lemma value_count_fractal_Suc:
  "value_count (fractal q (Suc m)) i a =
     (\<Sum>b<q. length [r \<leftarrow> fractal q m. fractal_row q (ncols (fractal q m)) b r ! i = Some a])"
  by (simp add: value_count_def fractal_Suc length_concat filter_concat filter_map comp_def
      interv_sum_list_conv_sum_set_nat lessThan_atLeast0)

lemma stripe_col_less:
  fixes b t w :: nat
  assumes "b < q" "t < w"
  shows "Suc (b * w + t) < Suc (q * w)"
proof -
  have "b * w + t < Suc b * w" using assms by simp
  also have "\<dots> \<le> q * w" using assms by (intro mult_right_mono) auto
  finally show ?thesis by simp
qed

lemma value_count_fractal_Suc_0:
  "value_count (fractal q (Suc m)) 0 a \<le> length (fractal q m)"
proof -
  have "length [r \<leftarrow> fractal q m. fractal_row q w b r ! 0 = Some a] =
      (if b = a then length (fractal q m) else 0)" for w b
    by (simp add: filter_empty_conv)
  then show ?thesis
    by (simp add: value_count_fractal_Suc)
qed

lemma stripes_subset_dead_cols_0:
  fixes q m :: nat
  assumes "0 < q"
  defines "w \<equiv> ncols (fractal q m)"
  shows "(\<lambda>(b, t). Suc (b * w + t)) ` (({..<q} - {a}) \<times> {..<w}) \<subseteq> dead_cols (fractal q (Suc m)) 0 a"
proof -
  have len: "length r = w" if "r \<in> set (fractal q m)" for r
    using that fractal_nonempty_rectangular[OF assms(1)] by (simp add: w_def ncols_eq_length)
  have "Suc (b * w + t) \<in> dead_cols (fractal q (Suc m)) 0 a" if "b < q" "b \<noteq> a" "t < w" for b t
    using that stripe_col_less[OF that(1,3)]
    by (auto simp: dead_cols_def surviving_rows_def star_col_def ncols_fractal_Suc[OF assms(1)] set_fractal_Suc
        nth_fractal_row_stripe len simp flip: w_def)
  then show ?thesis by auto
qed

lemma value_count_fractal_Suc_stripe:
  fixes q m :: nat
  assumes "0 < q"
  defines "w \<equiv> ncols (fractal q m)"
  assumes "b < q" "t < w"
  shows "value_count (fractal q (Suc m)) (Suc (b * w + t)) a = value_count (fractal q m) t a"
proof -
  have len: "length r = w" if "r \<in> set (fractal q m)" for r
    using that fractal_nonempty_rectangular[OF assms(1)] by (simp add: w_def ncols_eq_length)
  have "length [r \<leftarrow> fractal q m. fractal_row q w b' r ! Suc (b * w + t) = Some a] =
      (if b' = b then value_count (fractal q m) t a else 0)" for b'
    using assms(3,4) by (auto simp: value_count_def nth_fractal_row_stripe len filter_empty_conv
        intro!: arg_cong[where f = length] filter_cong)
  then show ?thesis
    using assms(3) by (simp add: value_count_fractal_Suc flip: w_def)
qed

lemma stripe_subset_dead_cols:
  fixes q m :: nat
  assumes "0 < q"
  defines "w \<equiv> ncols (fractal q m)"
  assumes "b < q" "t < w"
  shows "(\<lambda>t'. Suc (b * w + t')) ` dead_cols (fractal q m) t a
    \<subseteq> dead_cols (fractal q (Suc m)) (Suc (b * w + t)) a"
proof -
  have len: "length r = w" if "r \<in> set (fractal q m)" for r
    using that fractal_nonempty_rectangular[OF assms(1)] by (simp add: w_def ncols_eq_length)
  have "Suc (b * w + t') \<in> dead_cols (fractal q (Suc m)) (Suc (b * w + t)) a"
    if "t' \<in> dead_cols (fractal q m) t a" for t'
    using that assms(3,4) stripe_col_less[OF assms(3), of t' w]
    by (auto simp: dead_cols_def surviving_rows_def star_col_def ncols_fractal_Suc[OF assms(1)] set_fractal_Suc
        nth_fractal_row_stripe len simp flip: w_def)
  then show ?thesis by auto
qed

lemma inj_on_stripe_col: "inj_on (\<lambda>(b, t). Suc (b * w + t)) (B \<times> {..<w})"
proof (rule inj_onI, clarsimp)
  fix b t b' t' :: nat
  assume t: "t < w" "t' < w" and eq: "b * w + t = b' * w + t'"
  have "(b * w + t) div w = b" "(b * w + t) mod w = t"
    using t(1) by simp_all
  moreover have "(b' * w + t') div w = b'" "(b' * w + t') mod w = t'"
    using t(2) by simp_all
  ultimately show "b = b' \<and> t = t'"
    using eq by metis
qed

lemma value_count_fractal_le:
  assumes "0 < q"
  shows "i < ncols (fractal q m) \<Longrightarrow>
    value_count (fractal q m) i a \<le> Suc (card (dead_cols (fractal q m) i a))"
proof (induction m arbitrary: i)
  case 0
  then show ?case by (simp add: ncols_def)
next
  case (Suc m)
  define w where "w = ncols (fractal q m)"
  have fin: "finite (dead_cols (fractal q (Suc m)) i a)"
    by (simp add: dead_cols_def)
  show ?case
  proof (cases i)
    case 0
    define S where "S = ({..<q} - {a}) \<times> {..<w}"
    have "value_count (fractal q (Suc m)) i a \<le> (q - 1) * w + 1"
      using 0 value_count_fractal_Suc_0[of q m a] length_fractal[OF assms, of m] by (simp add: w_def)
    also have "(q - 1) * w \<le> card S"
      by (simp add: S_def card_cartesian_product card_Diff_singleton_if)
    also have "\<dots> = card ((\<lambda>(b, t). Suc (b * w + t)) ` S)"
      by (simp add: S_def card_image inj_on_stripe_col)
    also have "\<dots> \<le> card (dead_cols (fractal q (Suc m)) i a)"
      using 0 stripes_subset_dead_cols_0[OF assms] by (intro card_mono[OF fin]) (simp add: S_def w_def)
    finally show ?thesis by simp
  next
    case (Suc j)
    then have "j < q * w"
      using Suc.prems by (simp add: ncols_fractal_Suc[OF assms] w_def)
    then have w: "0 < w" "j div w < q"
      by (auto simp: less_mult_imp_div_less intro: Nat.gr0I)
    define b t where "b = j div w" and "t = j mod w"
    have bt: "b < q" "t < w" "i = Suc (b * w + t)"
      using w Suc by (simp_all add: b_def t_def)
    have "value_count (fractal q (Suc m)) i a = value_count (fractal q m) t a"
      using value_count_fractal_Suc_stripe[OF assms bt(1)] bt by (simp add: w_def)
    also have "\<dots> \<le> Suc (card (dead_cols (fractal q m) t a))"
      using Suc.IH bt(2) by (simp add: w_def)
    also have "card (dead_cols (fractal q m) t a) =
        card ((\<lambda>t'. Suc (b * w + t')) ` dead_cols (fractal q m) t a)"
      by (rule card_image[symmetric]) (simp add: inj_on_def)
    also have "\<dots> \<le> card (dead_cols (fractal q (Suc m)) i a)"
      using stripe_subset_dead_cols[OF assms bt(1)] bt by (intro card_mono[OF fin]) (simp add: w_def)
    finally show ?thesis by simp
  qed
qed

theorem mainTheorem13:
  fixes q m :: nat and F :: smatrix
  assumes "q \<ge> 2" and "m \<ge> 1" and "is_fractal q m F"
  shows "non_expandable q F"
proof -
  have q: "0 < q"
    using assms(1) by simp
  define M where "M = fractal q m"
  obtain \<sigma> where \<sigma>: "\<sigma> permutes {..<ncols M}"
    and F: "mset F = mset (map (permute_cols \<sigma> (ncols M)) M)"
    using assms(3) unfolding is_fractal_def Let_def permute_cols_def[abs_def] M_def by blast
  have M: "rectangular M" "M \<noteq> []"
    using fractal_nonempty_rectangular[OF q] by (simp_all add: M_def)
  show ?thesis
  proof (rule non_expandableI)
    show "rectangular F"
      by (rule rectangular_permuted[OF M \<sigma> F])
  next
    fix i a assume "i < ncols F"
    then have i: "i < ncols M" "\<sigma> i < ncols M"
      using ncols_permuted[OF M \<sigma> F] permutes_in_image[OF \<sigma>] by simp_all
    have "value_count M (\<sigma> i) a \<le> Suc (card (dead_cols M (\<sigma> i) a))"
      using value_count_fractal_le[OF q] i(2) by (simp add: M_def)
    then show "value_count F i a \<le> Suc (card (dead_cols F i a))"
      using value_count_permuted[OF M \<sigma> F i(1)] card_dead_cols_permuted[OF M \<sigma> F i(1)] by simp
  qed
qed

end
==*==
Across the records, count the lines that contain the word "subseteq" and give that figure alone.

2